• **SOURCE INFORMATION**:
(* With probability $1-o(1)$ (as $n\to\infty$), the capacitated graph $G=(V,E,c)$ has total edge capacity $c(E)=\sum_{e\in E}c(e)=O(n)$.
   Context: All logarithms are base 2. Let $n$ be a large even integer and $V$ a set of $n$ vertices; $G=(V,E)$ is the random 10-regular multigraph whose edges are the union of 10 independent uniformly random perfect matchings on $V$; $\mathrm{dist}_G$ is hop distance. Fix a small constant $\varepsilon>0$, $\alpha=\frac{\log 5}{\log 5+1-\varepsilon}$, and an arbitrary terminal set $T\subseteq V$ with $|T|=k=\lfloor n/2^{(\log n)^\alpha}\rfloor$. For $i\ge 0$ let $N_i=\{u:\min_{t\in T}\mathrm{dist}_G(u,t)=i\}$ and $B_i=N_0\cup\dots\cup N_i$. Let $m=\lfloor 10n/(\log n)^\alpha\rfloor$ and $r=\min\{i:|B_i|\ge 2m\}-1$. Edge capacities: let $E_{r+1}$ be the set of edges between $N_r$ and $N_{r+1}$. Build an edge set $E_T$ with values $c'$: for each $u\in N_r$, let $E_u$ be the set of edges of $E_{r+1}$ incident to $u$, pick an arbitrary edge $e_u$ from $u$ to a vertex of $N_{r-1}$, add $e_u$ to $E_T$ with $c'(e_u)=|E_u|$. Then for $i=r-1,r-2,\dots,1$ in turn, for each $u\in N_i$ let $E_u$ be the set of edges currently in $E_T$ incident to $u$, pick an arbitrary edge $e_u$ from $u$ to a vertex of $N_{i-1}$, and add it to $E_T$ with $c'(e_u)=\sum_{e\in E_u}c'(e)$. Finally set $c(e)=\max\{c'(e),1\}$ for $e\in E_T$ and $c(e)=1$ for all other $e\in E$. *)

theory Defs
  imports "HOL-Probability.Probability"
begin

text \<open>A perfect matching on {0..<n} is a fixed-point-free
involution on {0..<n} (identity outside, to make the set finite).
The random graph is a uniformly random 10-tuple of perfect matchings
(equivalently, 10 independent uniform perfect matchings).
An edge of the multigraph is a pair (j, a) with j < 10, a < n, a < ms j a:
the edge of matching j between a and ms j a.\<close>

definition perfect_matchings :: "nat \<Rightarrow> (nat \<Rightarrow> nat) set" where
  "perfect_matchings n = {f. (\<forall>i<n. f i < n \<and> f i \<noteq> i \<and> f (f i) = i) \<and> (\<forall>i. n \<le> i \<longrightarrow> f i = i)}"

definition graph_space :: "nat \<Rightarrow> (nat \<Rightarrow> nat \<Rightarrow> nat) set" where
  "graph_space n = PiE {..<10} (\<lambda>_. perfect_matchings n)"

definition edges :: "nat \<Rightarrow> (nat \<Rightarrow> nat \<Rightarrow> nat) \<Rightarrow> (nat \<times> nat) set" where
  "edges n ms = {(j, a). j < 10 \<and> a < n \<and> a < ms j a}"

definition adj :: "nat \<Rightarrow> (nat \<Rightarrow> nat \<Rightarrow> nat) \<Rightarrow> (nat \<times> nat) set" where
  "adj n ms = {(u, v). u < n \<and> (\<exists>j<10. ms j u = v)}"

definition ball :: "nat \<Rightarrow> (nat \<Rightarrow> nat \<Rightarrow> nat) \<Rightarrow> nat set \<Rightarrow> nat \<Rightarrow> nat set" where
  "ball n ms T i = {u. u < n \<and> (\<exists>t\<in>T. \<exists>d\<le>i. (u, t) \<in> (adj n ms) ^^ d)}"

fun layer :: "nat \<Rightarrow> (nat \<Rightarrow> nat \<Rightarrow> nat) \<Rightarrow> nat set \<Rightarrow> nat \<Rightarrow> nat set" where
  "layer n ms T 0 = ball n ms T 0"
| "layer n ms T (Suc i) = ball n ms T (Suc i) - ball n ms T i"

definition k_param :: "real \<Rightarrow> nat \<Rightarrow> nat" where
  "k_param \<alpha> n = nat \<lfloor>real n / 2 powr ((log 2 (real n)) powr \<alpha>)\<rfloor>"

definition m_param :: "real \<Rightarrow> nat \<Rightarrow> nat" where
  "m_param \<alpha> n = nat \<lfloor>10 * real n / (log 2 (real n)) powr \<alpha>\<rfloor>"

definition r_param :: "real \<Rightarrow> nat \<Rightarrow> (nat \<Rightarrow> nat \<Rightarrow> nat) \<Rightarrow> nat set \<Rightarrow> nat" where
  "r_param \<alpha> n ms T = (LEAST i. card (ball n ms T i) \<ge> 2 * m_param \<alpha> n) - 1"

text \<open>Vertices u in N_1 \<union> ... \<union> N_r, which receive an edge e_u.\<close>
definition inner_set :: "nat \<Rightarrow> (nat \<Rightarrow> nat \<Rightarrow> nat) \<Rightarrow> nat set \<Rightarrow> nat \<Rightarrow> nat set" where
  "inner_set n ms T r = {u. \<exists>i. 1 \<le> i \<and> i \<le> r \<and> u \<in> layer n ms T i}"

text \<open>A valid choice: sigma u is the matching index of the chosen edge e_u from u
to a vertex of N_{i-1}, for every u in N_i, 1 \<le> i \<le> r.\<close>
definition valid_choice :: "nat \<Rightarrow> (nat \<Rightarrow> nat \<Rightarrow> nat) \<Rightarrow> nat set \<Rightarrow> nat \<Rightarrow> (nat \<Rightarrow> nat) \<Rightarrow> bool" where
  "valid_choice n ms T r \<sigma> = (\<forall>i. 1 \<le> i \<and> i \<le> r \<longrightarrow>
      (\<forall>u \<in> layer n ms T i. \<sigma> u < 10 \<and> ms (\<sigma> u) u \<in> layer n ms T (i - 1)))"

text \<open>The edge e_u, normalized as an element of edges.\<close>
definition chosen_edge :: "(nat \<Rightarrow> nat \<Rightarrow> nat) \<Rightarrow> (nat \<Rightarrow> nat) \<Rightarrow> nat \<Rightarrow> nat \<times> nat" where
  "chosen_edge ms \<sigma> u = (\<sigma> u, min u (ms (\<sigma> u) u))"

text \<open>load d u is c'(e_u) for u in N_(r-d): for d = 0 it is the number of edges between
u and N_(r+1); for d+1 it is the sum of c'(e_w) over the edges e_w already in E_T that are
incident to u, i.e. over the w in N_(r-d) whose chosen edge ends at u.\<close>
primrec load :: "nat \<Rightarrow> (nat \<Rightarrow> nat \<Rightarrow> nat) \<Rightarrow> nat set \<Rightarrow> nat \<Rightarrow> (nat \<Rightarrow> nat) \<Rightarrow> nat \<Rightarrow> nat \<Rightarrow> nat" where
  "load n ms T r \<sigma> 0 u = card {j. j < 10 \<and> ms j u \<in> layer n ms T (Suc r)}"
| "load n ms T r \<sigma> (Suc d) u =
     (\<Sum>w \<in> {w \<in> layer n ms T (r - d). ms (\<sigma> w) w = u}. load n ms T r \<sigma> d w)"

definition ET :: "nat \<Rightarrow> (nat \<Rightarrow> nat \<Rightarrow> nat) \<Rightarrow> nat set \<Rightarrow> nat \<Rightarrow> (nat \<Rightarrow> nat) \<Rightarrow> (nat \<times> nat) set" where
  "ET n ms T r \<sigma> = chosen_edge ms \<sigma> ` inner_set n ms T r"

definition cprime :: "nat \<Rightarrow> (nat \<Rightarrow> nat \<Rightarrow> nat) \<Rightarrow> nat set \<Rightarrow> nat \<Rightarrow> (nat \<Rightarrow> nat) \<Rightarrow> nat \<times> nat \<Rightarrow> nat" where
  "cprime n ms T r \<sigma> e =
     (let u = (THE u. u \<in> inner_set n ms T r \<and> chosen_edge ms \<sigma> u = e);
          i = (THE i. u \<in> layer n ms T i)
      in load n ms T r \<sigma> (r - i) u)"

definition capacity :: "nat \<Rightarrow> (nat \<Rightarrow> nat \<Rightarrow> nat) \<Rightarrow> nat set \<Rightarrow> nat \<Rightarrow> (nat \<Rightarrow> nat) \<Rightarrow> nat \<times> nat \<Rightarrow> nat" where
  "capacity n ms T r \<sigma> e =
     (if e \<in> ET n ms T r \<sigma> then max (cprime n ms T r \<sigma> e) 1 else 1)"

definition total_capacity :: "nat \<Rightarrow> (nat \<Rightarrow> nat \<Rightarrow> nat) \<Rightarrow> nat set \<Rightarrow> nat \<Rightarrow> (nat \<Rightarrow> nat) \<Rightarrow> nat" where
  "total_capacity n ms T r \<sigma> = (\<Sum>e \<in> edges n ms. capacity n ms T r \<sigma> e)"

text \<open>The good event: r is well defined and, for every admissible sequence of arbitrary
choices of the edges e_u, c(E) \<le> C n.\<close>
definition good_event :: "real \<Rightarrow> real \<Rightarrow> nat \<Rightarrow> nat set \<Rightarrow> (nat \<Rightarrow> nat \<Rightarrow> nat) \<Rightarrow> bool" where
  "good_event \<alpha> C n T ms =
     ((\<exists>i. card (ball n ms T i) \<ge> 2 * m_param \<alpha> n) \<and>
      (\<forall>\<sigma>. valid_choice n ms T (r_param \<alpha> n ms T) \<sigma> \<longrightarrow>
         real (total_capacity n ms T (r_param \<alpha> n ms T) \<sigma>) \<le> C * real n))"

definition good_prob :: "real \<Rightarrow> real \<Rightarrow> nat \<Rightarrow> nat set \<Rightarrow> real" where
  "good_prob \<alpha> C n T = measure_pmf.prob (pmf_of_set (graph_space n)) {ms. good_event \<alpha> C n T ms}"

end

theory Submission
  imports Defs "HOL-Real_Asymp.Real_Asymp"
begin

(* Write a = (log n)^alpha, so that k is about n / 2^a and 2m is about 20 n / a.
   A union bound over pairs (S, U) with |U| < 2|S| shows that, with probability at least
   1 - 2^(1 - k), every vertex set S with k <= |S| < 2m has at least 2|S| vertices in its closed
   neighbourhood. Then the balls B_i around T double until they reach size 2m, so 2^r k < 2m,
   which forces r < a, and |N_r| < 2m. The value c'(e_u) counts the edges between N_r and N_(r+1)
   that are routed through u, so the capacities chosen in each layer add up to at most 10 |N_r|.
   Hence c(E) <= 10 n + 10 r |N_r| <= 10 n + 10 a (20 n / a) = 210 n. *)

section \<open>Elementary estimates\<close>

lemma real_card_UN_le:
  assumes "finite I"
  shows "real (card (\<Union>i\<in>I. A i)) \<le> (\<Sum>i\<in>I. real (card (A i)))"
  using of_nat_mono[OF card_UN_le[OF assms, of A]] by simp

• **DESCRIPTION OF THE TASK**: What lines of the material above include "which"? Copy each one.

• **SOLUTION**:
text \<open>Vertices u in N_1 \<union> ... \<union> N_r, which receive an edge e_u.\<close>
   which forces r < a, and |N_r| < 2m. The value c'(e_u) counts the edges between N_r and N_(r+1)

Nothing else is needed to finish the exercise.